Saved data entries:
--------------------

(* Let $\theta_1<\theta_2$, $f\in C^2([\theta_1,\theta_2])$, $\gamma>1$, and let $I\subseteq[\theta_1,\theta_2]$ be a closed interval. Suppose that, for positive constants $A$ and $\alpha$ with $\alpha<2\gamma-2$, one of the following holds: $f(s)f''(s)\le -A(s-\theta_1)^\alpha$ for all $s\in I$; or $f(s)f''(s)\le -A(\theta_2-s)^\alpha$ for all $s\in I$. Then there is a constant $C>0$ depending only on $A,\alpha,\theta_1,\theta_2,\gamma$ such that $\int_I|f(s)|^{-1/\gamma}\,ds\le C$. *)

theory Defs
  imports "HOL-Analysis.Analysis"
begin

definition C2_on_with :: "real \<Rightarrow> real \<Rightarrow> (real \<Rightarrow> real) \<Rightarrow> (real \<Rightarrow> real) \<Rightarrow> (real \<Rightarrow> real) \<Rightarrow> bool" where
  "C2_on_with t1 t2 f f' f'' \<longleftrightarrow>
     (\<forall>x\<in>{t1..t2}. (f has_real_derivative f' x) (at x within {t1..t2})) \<and>
     (\<forall>x\<in>{t1..t2}. (f' has_real_derivative f'' x) (at x within {t1..t2})) \<and>
     continuous_on {t1..t2} f''"

definition neg_pow_abs :: "real \<Rightarrow> (real \<Rightarrow> real) \<Rightarrow> real \<Rightarrow> ennreal" where
  "neg_pow_abs g f s = (if f s = 0 then \<infinity> else ennreal (\<bar>f s\<bar> powr (- 1 / g)))"

end

theory Submission
  imports Defs
begin

(* Since f f'' < 0 on the open interval, f has no zero there; replacing f by -f we may assume
   that f is positive and concave.  On the half of the interval where the weight is at least
   ((b - a) / 2) powr alpha we get f'' <= - B / M, with B = A ((b - a) / 2) powr alpha and M the
   maximum of f, and comparing f with a parabola at the midpoint of that half gives
   M^2 >= B (b - a)^2 / 32.  Concavity puts f above the tent of height M over [a, b], so
   the integral of f powr (-1/gamma) is at most 2 gamma / (gamma - 1) M powr (-1/gamma) (b - a).
   Together this bounds the integral by a constant times (b - a) powr (1 - (alpha + 2) / (2 gamma)),
   and alpha < 2 gamma - 2 makes this exponent positive, so b - a <= theta2 - theta1 gives a
   bound independent of f, a and b. *)

lemma concave_on_Icc_if_concave_on_Ioo:
  fixes f :: "real \<Rightarrow> real"
  assumes "a < b" and cont: "continuous_on {a..b} f" and concave: "concave_on {a<..<b} f"
  shows "concave_on {a..b} f"
proof (rule concave_on_linorderI)
  fix u x y :: real
  assume u: "0 < u" "u < 1" and xy: "x \<in> {a..b}" "y \<in> {a..b}"
  \<comment> \<open>The concavity inequality is a closed condition on the pair (x, y), so it passes from
    the open square to its closure.\<close>
  define gap where "gap = (\<lambda>(x, y). f ((1 - u) * x + u * y) - (1 - u) * f x - u * f y)"
  have closure: "closure ({a<..<b} \<times> {a<..<b}) = {a..b} \<times> {a..b}"
    using \<open>a < b\<close> by (simp add: closure_Times)
  have mix: "(1 - u) * fst p + u * snd p \<in> {a..b}" if "p \<in> {a..b} \<times> {a..b}" for p
    using convexD[of "{a..b}" "fst p" "snd p" "1 - u" u] that u by auto
  have "continuous_on (closure ({a<..<b} \<times> {a<..<b})) gap"
    unfolding closure gap_def case_prod_beta using mix
    by (intro continuous_intros continuous_on_compose2[OF cont]) auto
  moreover have "gap p \<ge> 0" if "p \<in> {a<..<b} \<times> {a<..<b}" for p
    using concave_onD[OF concave, of u "fst p" "snd p"] that u
    by (auto simp: gap_def case_prod_beta)
  ultimately have "gap (x, y) \<ge> 0"
    using continuous_ge_on_closure[of _ gap] xy closure by blast
  then show "(1 - u) * f x + u * f y \<le> f ((1 - u) *\<^sub>R x + u *\<^sub>R y)"
    by (simp add: gap_def)
qed simp

lemma concave_on_Icc_if_deriv2_nonpos:
  fixes f f' f'' :: "real \<Rightarrow> real"
  assumes "a < b" and "continuous_on {a..b} f"
    and "\<And>t. t \<in> {a<..<b} \<Longrightarrow> (f has_real_derivative f' t) (at t)"
    and "\<And>t. t \<in> {a<..<b} \<Longrightarrow> (f' has_real_derivative f'' t) (at t)"
    and "\<And>t. t \<in> {a<..<b} \<Longrightarrow> f'' t \<le> 0"
  shows "concave_on {a..b} f"
  using assms by (intro concave_on_Icc_if_concave_on_Ioo f''_le0_imp_concave) auto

--------------------

What you need to do:
Set down, unchanged, only those lines above that fall between the line with "maximum of f, and" and the line with "the integral of", the two end lines included.

Response:
   maximum of f, and comparing f with a parabola at the midpoint of that half gives
   M^2 >= B (b - a)^2 / 32.  Concavity puts f above the tent of height M over [a, b], so
   the integral of f powr (-1/gamma) is at most 2 gamma / (gamma - 1) M powr (-1/gamma) (b - a).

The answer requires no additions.